= 2026 Colorado Proposition 135 =

Proposition 135, the Prohibit Surgeries for Treatment in Response to Minors' Perception of Sex or Gender Measure, is an initiated state statute that will appear on the November 3, 2026, ballot in the state of Colorado. The measure would prohibit gender-affirming surgery for minors in the state, and would ban the use of state or federal funds, insurance coverage, or Medicaid reimbursements to pay for gender-affirming surgery.

== Background ==
Currently, gender-affirming surgery is legal for minors in the state of Colorado, and health insurance providers are not permitted to deny or limit insurance coverage for gender-affirming surgery if a provider determines the treatment is "medically necessary". As of August 2026, gender-affirming surgery for minors is banned by law in 25 U.S. states. (Note: Two other U.S. states–Montana and Kansas–have passed legislation prohibiting gender-affirming surgery for minors, but courts have blocked the legislation from going into effect.)

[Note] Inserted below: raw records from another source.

lemma matrix_ode_left_inverse:
  fixes A Z W :: "real \<Rightarrow> real^'n^'n"
  assumes dZ: "\<And>r. r \<in> {a..b} \<Longrightarrow> (Z has_vector_derivative A r ** Z r) (at r within {a..b})"
    and dW: "\<And>r. r \<in> {a..b} \<Longrightarrow> (W has_vector_derivative - (W r ** A r)) (at r within {a..b})"
    and init: "W a ** Z a = mat 1" and t: "t \<in> {a..b}"
  shows "W t ** Z t = mat 1"
proof -
  have bb: "bounded_bilinear ((**) :: real^'n^'n \<Rightarrow> real^'n^'n \<Rightarrow> real^'n^'n)"
    by (rule bounded_bilinear_matrix_matrix_mult)
  have "\<exists>C. \<forall>r\<in>{a..b}. W r ** Z r = C"
  proof (rule has_derivative_zero_constant)
    fix r assume r: "r \<in> {a..b}"
    have "((\<lambda>r. W r ** Z r) has_vector_derivative W r ** (A r ** Z r) + (- (W r ** A r)) ** Z r)
            (at r within {a..b})"
      by (rule bounded_bilinear.has_vector_derivative[OF bb dW[OF r] dZ[OF r]])
    moreover have "W r ** (A r ** Z r) + (- (W r ** A r)) ** Z r = 0"
      by (simp add: bounded_bilinear.minus_left[OF bb] matrix_mul_assoc)
    ultimately show "((\<lambda>r. W r ** Z r) has_derivative (\<lambda>h. 0)) (at r within {a..b})"
      by (simp add: has_vector_derivative_def)
  qed simp
  moreover have "a \<in> {a..b}"
    using t by auto
  ultimately show ?thesis
    using init t by metis
qed

lemma fundamental_matrix_exists:
  fixes A :: "real \<Rightarrow> real^'n^'n"
  assumes A: "continuous_on {a..b} A" and t: "t \<in> {a..b}"
  obtains Y where "Y t = mat 1"
    and "\<And>r. r \<in> {a..b} \<Longrightarrow> (Y has_vector_derivative A r ** Y r) (at r within {a..b})"
proof -
  have bb: "bounded_bilinear ((**) :: real^'n^'n \<Rightarrow> real^'n^'n \<Rightarrow> real^'n^'n)"
    by (rule bounded_bilinear_matrix_matrix_mult)
  have a: "a \<in> {a..b}" using t by auto
  obtain Z where Zc: "continuous_on {a..b} Z"
    and Z: "\<And>s. s \<in> {a..b} \<Longrightarrow> Z s = mat 1 + integral {a..s} (\<lambda>r. A r ** Z r)"
    using linear_volterra_solution_exists[OF bb A continuous_on_const] by blast
  obtain W where Wc: "continuous_on {a..b} W"
    and W: "\<And>s. s \<in> {a..b} \<Longrightarrow> W s = mat 1 + integral {a..s} (\<lambda>r. - (W r ** A r))"
    using linear_volterra_solution_exists[OF bounded_bilinear_neg_matrix_mult_flip A
        continuous_on_const] by blast
  have dZ: "(Z has_vector_derivative A r ** Z r) (at r within {a..b})" if "r \<in> {a..b}" for r
    by (rule has_vector_derivative_indefinite_integral_plus[OF _ Z that])
      (intro bounded_bilinear.continuous_on[OF bb] A Zc)
  have dW: "(W has_vector_derivative - (W r ** A r)) (at r within {a..b})" if "r \<in> {a..b}" for r
    by (rule has_vector_derivative_indefinite_integral_plus[OF _ W that])
      (intro continuous_on_minus bounded_bilinear.continuous_on[OF bb] A Wc)
  have "Z a = mat 1" "W a = mat 1"
    using Z[OF a] W[OF a] by simp_all
  then have "W a ** Z a = mat 1"
    by (simp add: matrix_mul_lid)
  then have "W t ** Z t = mat 1"
    using matrix_ode_left_inverse[OF dZ dW] t by blast
  then have "Z t ** W t = mat 1"
    using matrix_left_right_inverse by blast
  show thesis
  proof (rule that[of "\<lambda>s. Z s ** W t"])
    show "Z t ** W t = mat 1" by fact
    fix r assume r: "r \<in> {a..b}"
    have "((\<lambda>s. Z s ** W t) has_vector_derivative Z r ** 0 + (A r ** Z r) ** W t)
            (at r within {a..b})"
      by (rule bounded_bilinear.has_vector_derivative[OF bb dZ[OF r] has_vector_derivative_const])
    then show "((\<lambda>s. Z s ** W t) has_vector_derivative A r ** (Z r ** W t)) (at r within {a..b})"
      by (simp add: matrix_mul_assoc bounded_bilinear.zero_right[OF bb])
  qed
qed

lemma state_trans_eq:
  fixes A :: "real \<Rightarrow> real^'n^'n"
  assumes A: "continuous_on {0..T} A" and t: "t \<in> {0..T}" and s: "s \<in> {t..T}"
    and Yt: "Y t = mat 1"
    and dY: "\<And>r. r \<in> {0..T} \<Longrightarrow> (Y has_vector_derivative A r ** Y r) (at r within {0..T})"
  shows "state_trans A T s t = Y s"
  unfolding state_trans_def
proof (rule the_equality)
  show "\<exists>Y'. Y' t = mat 1
          \<and> (\<forall>r\<in>{0..T}. (Y' has_vector_derivative A r ** Y' r) (at r within {0..T}))
          \<and> Y' s = Y s"
    using Yt dY by blast
  fix M
  assume "\<exists>Y'. Y' t = mat 1
            \<and> (\<forall>r\<in>{0..T}. (Y' has_vector_derivative A r ** Y' r) (at r within {0..T}))
            \<and> Y' s = M"
  then obtain Y' where Y't: "Y' t = mat 1" and M: "Y' s = M"
    and dY': "\<And>r. r \<in> {0..T} \<Longrightarrow> (Y' has_vector_derivative A r ** Y' r) (at r within {0..T})"
    by blast
  have bb: "bounded_bilinear ((**) :: real^'n^'n \<Rightarrow> real^'n^'n \<Rightarrow> real^'n^'n)"
    by (rule bounded_bilinear_matrix_matrix_mult)
  define D where "D r = Y' r - Y r" for r
  have dD: "(D has_vector_derivative A r ** D r) (at r within {0..T})" if "r \<in> {0..T}" for r
    unfolding D_def using has_vector_derivative_diff[OF dY' dY, OF that that]
    by (simp add: bounded_bilinear.diff_right[OF bb])
  have sub: "{t..T} \<subseteq> {0..T}" using t by auto
  have "D s = 0"
  proof (rule linear_volterra_homogeneous_eq_0[OF bb continuous_on_subset[OF A sub] _ _ s])
    show "continuous_on {t..T} D"
      using continuous_on_vector_derivative[OF dD] sub by (rule continuous_on_subset)
    fix r assume "r \<in> {t..T}"
    then have "((\<lambda>q. A q ** D q) has_integral D r - D t) {t..r}"
      using t by (intro has_integral_vector_derivative_within_Icc[OF dD]) auto
    then show "D r = integral {t..r} (\<lambda>q. A q ** D q)"
      using Y't Yt by (simp add: D_def integral_unique)
  qed
  then show "M = Y s"
    using M by (simp add: D_def)
qed

lemma fundamental_matrix_lin_ode_sol:
  assumes t: "t \<in> {a..b}"
    and dY: "\<And>r. r \<in> {a..b} \<Longrightarrow> (Y has_vector_derivative A r ** Y r) (at r within {a..b})"
  shows "lin_ode_sol A (\<lambda>_. 0) t b (\<lambda>s. Y s *v v)"
  unfolding lin_ode_sol_def
proof
  fix s assume "s \<in> {t..b}"
  then have "((\<lambda>r. A r ** Y r) has_integral Y s - Y t) {t..s}"
    using t by (intro has_integral_vector_derivative_within_Icc[OF dY]) auto
  then have "((\<lambda>r. (A r ** Y r) *v v) has_integral (Y s - Y t) *v v) {t..s}"
    using has_integral_linear[OF _ bounded_bilinear.bounded_linear_left
        [OF bounded_bilinear_matrix_vector_mult]] by (auto simp: o_def)
  then show "((\<lambda>r. A r *v (Y r *v v) + 0) has_integral Y s *v v - Y t *v v) {t..s}"
    by (simp add: matrix_vector_mul_assoc matrix_vector_mult_diff_rdistrib)
qed

section \<open>Extremal aiming\<close>

definition grid_index :: "real \<Rightarrow> real \<Rightarrow> nat \<Rightarrow> real \<Rightarrow> nat" where
  "grid_index a h m r = min (m - 1) (nat \<lfloor>(r - a) / h\<rfloor>)"

lemma grid_index_eq:
  assumes "h > 0" "j < m" "a + real j * h \<le> r" "r < a + real (Suc j) * h"
  shows "grid_index a h m r = j"
proof -
  have "real j \<le> (r - a) / h" "(r - a) / h < real j + 1"
    using assms by (simp_all add: field_simps)
  then have "\<lfloor>(r - a) / h\<rfloor> = int j"
    by (simp add: floor_eq_iff)
  then show ?thesis
    using assms(2) by (simp add: grid_index_def)
qed

lemma grid_index_less:
  assumes "h > 0" "a \<le> r" "r < a + real j * h"
  shows "grid_index a h m r < j"
proof -
  have "0 \<le> (r - a) / h" "(r - a) / h < real j"
    using assms by (simp_all add: field_simps)
  then have "nat \<lfloor>(r - a) / h\<rfloor> < j"
    by linarith
  then show ?thesis
    by (simp add: grid_index_def)
qed

lemma grid_step_measurable_on:
  fixes c :: "nat \<Rightarrow> 'b::euclidean_space"
  shows "(\<lambda>r. c (grid_index a h m r)) measurable_on {a..b}"
proof -
  have "(\<lambda>r::real. c (min (m - 1) (nat \<lfloor>(r - a) / h\<rfloor>))) \<in> borel_measurable borel"
    by measurable
  then have "(\<lambda>r::real. c (min (m - 1) (nat \<lfloor>(r - a) / h\<rfloor>)))
               \<in> borel_measurable (lebesgue_on {a..b})"
    by (intro measurable_restrict_space1 measurable_completion) simp
  then show ?thesis
    by (simp add: measurable_on_iff_borel_measurable grid_index_def)
qed

text \<open>A feedback law that is updated only at the grid points a + j h can be closed against a
  non-anticipative response: the value on the j-th cell depends only on the control before it.\<close>

lemma nonanticipative_feedback_control:
  fixes \<Phi> :: "(real \<Rightarrow> 'b::euclidean_space) \<Rightarrow> real \<Rightarrow> 'x" and sel :: "nat \<Rightarrow> 'x \<Rightarrow> 'b"
  assumes h: "h > 0" "real m * h = b - a" and U: "U \<noteq> {}" and sel: "\<And>j p. sel j p \<in> U"
    and na: "\<And>u1 u2 s. u1 \<in> meas_maps U a b \<Longrightarrow> u2 \<in> meas_maps U a b \<Longrightarrow> s \<in> {a..b} \<Longrightarrow>
               (\<forall>r. a \<le> r \<and> r < s \<longrightarrow> u1 r = u2 r) \<Longrightarrow> \<Phi> u1 s = \<Phi> u2 s"
  obtains u where "u \<in> meas_maps U a b"
    and "\<And>j r. j < m \<Longrightarrow> a + real j * h \<le> r \<Longrightarrow> r < a + real (Suc j) * h \<Longrightarrow>
           u r = sel j (\<Phi> u (a + real j * h))"
proof -
  obtain c0 where c0: "c0 \<in> U" using U by blast
  define step where "step c = (\<lambda>r. c (grid_index a h m r))" for c :: "nat \<Rightarrow> 'b"
  have step_meas: "step c \<in> meas_maps U a b" if "\<And>k. c k \<in> U" for c
    using that grid_step_measurable_on[of c] by (simp add: meas_maps_def step_def)
  \<comment> \<open>cs j fixes the values on the first j cells; cell j is then filled using the response
    to the control built so far.\<close>
  define cs where "cs = rec_nat (\<lambda>_. c0) (\<lambda>j c. c(j := sel j (\<Phi> (step c) (a + real j * h))))"
  have cs_Suc: "cs (Suc j) = (cs j)(j := sel j (\<Phi> (step (cs j)) (a + real j * h)))" for j
    by (simp add: cs_def)
  have cs_U: "cs j k \<in> U" for j k
    by (induction j) (auto simp: cs_def c0 sel)
  have cs_stable: "cs (j + i) k = cs j k" if "k < j" for i j k
    using that by (induction i) (auto simp: cs_Suc)
  define u where "u = step (cs m)"
  have u: "u \<in> meas_maps U a b"
    unfolding u_def by (rule step_meas[OF cs_U])
  have "u r = sel j (\<Phi> u (a + real j * h))"
    if j: "j < m" and r: "a + real j * h \<le> r" "r < a + real (Suc j) * h" for j r
  proof -
    have grid: "a + real j * h \<in> {a..b}"
      using j h by (auto simp: algebra_simps intro!: mult_right_mono)
    have "\<Phi> (step (cs j)) (a + real j * h) = \<Phi> u (a + real j * h)"
    proof (rule na[OF step_meas[OF cs_U] u grid], intro allI impI)
      fix q assume "a \<le> q \<and> q < a + real j * h"
      then have "grid_index a h m q < j"
        using grid_index_less[OF h(1)] by blast
      then show "step (cs j) q = u q"
        using cs_stable[where i="m - j" and j=j and k="grid_index a h m q"] j
        by (simp add: u_def step_def)
    qed
    moreover have "u r = cs (Suc j) j"
      using grid_index_eq[OF h(1) j r] cs_stable[where i="m - Suc j" and j="Suc j" and k=j] j
      by (simp add: u_def step_def)
    ultimately show ?thesis
      by (simp add: cs_Suc)
  qed
  with u show thesis by (rule that)
qed

lemma discrete_gronwall_linear:
  fixes x :: "nat \<Rightarrow> real"
  assumes "x 0 = 0" "q \<ge> 0" "d \<ge> 0" "\<And>j. j < m \<Longrightarrow> x (Suc j) \<le> (1 + q) * x j + d"
  shows "j \<le> m \<Longrightarrow> x j \<le> real j * d * (1 + q) ^ j"
proof (induction j)
  case 0
  then show ?case using assms(1) by simp
next
  case (Suc j)
  have "x j \<le> real j * d * (1 + q) ^ j"
    using Suc by simp
  then have "(1 + q) * x j + d \<le> (1 + q) * (real j * d * (1 + q) ^ j) + d"
    using assms(2) by simp
  then have "x (Suc j) \<le> (1 + q) * (real j * d * (1 + q) ^ j) + d"
    using assms(4)[of j] Suc.prems by simp
  also have "\<dots> \<le> real (Suc j) * d * (1 + q) ^ Suc j"
  proof -
    have "d \<le> d * (1 + q) ^ Suc j"
      using assms(2,3) mult_left_mono[OF one_le_power[of "1 + q" "Suc j"], of d] by simp
    then show ?thesis
      by (simp add: algebra_simps)
  qed
  finally show ?case .
qed

lemma discrete_gronwall_exp:
  fixes x :: "nat \<Rightarrow> real"
  assumes "x 0 = 0" "K \<ge> 0" "h > 0" "d \<ge> 0" "real m * h = L"
    and "\<And>j. j < m \<Longrightarrow> x (Suc j) \<le> (1 + K * h) * x j + h * d"
  shows "x m \<le> L * exp (K * L) * d"
proof -
  have "x m \<le> real m * (h * d) * (1 + K * h) ^ m"
    using discrete_gronwall_linear[of x "K * h" "h * d" m m] assms by simp
  also have "\<dots> \<le> real m * (h * d) * exp (K * h) ^ m"
    using assms(2-4) by (intro mult_left_mono power_mono) auto
  also have "\<dots> = (real m * h) * exp (K * (real m * h)) * d"
    by (simp add: exp_of_nat_mult[symmetric] mult_ac)
  finally show ?thesis
    by (simp only: assms(5))
qed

Proposition 135 would enact the Protect Children from Irreversible Sex Change Surgery Act, prohibiting gender-affirming surgery for Colorado residents under the age of 18. The measure would also prohibit minors from using state and federal funds (including insurance coverage or Medicaid reimbursements) to pay for gender-affirming surgery. The measure would not prohibit "treatment for acquired physical or chemical abnormalities", "treatment for persons born with a medically verifiable disorder of sex development", or male circumcision.

On March 17, 2026, the Colorado secretary of state announced that Proposition 135 had qualified for the November ballot after submitting nearly 165,000 petition signatures.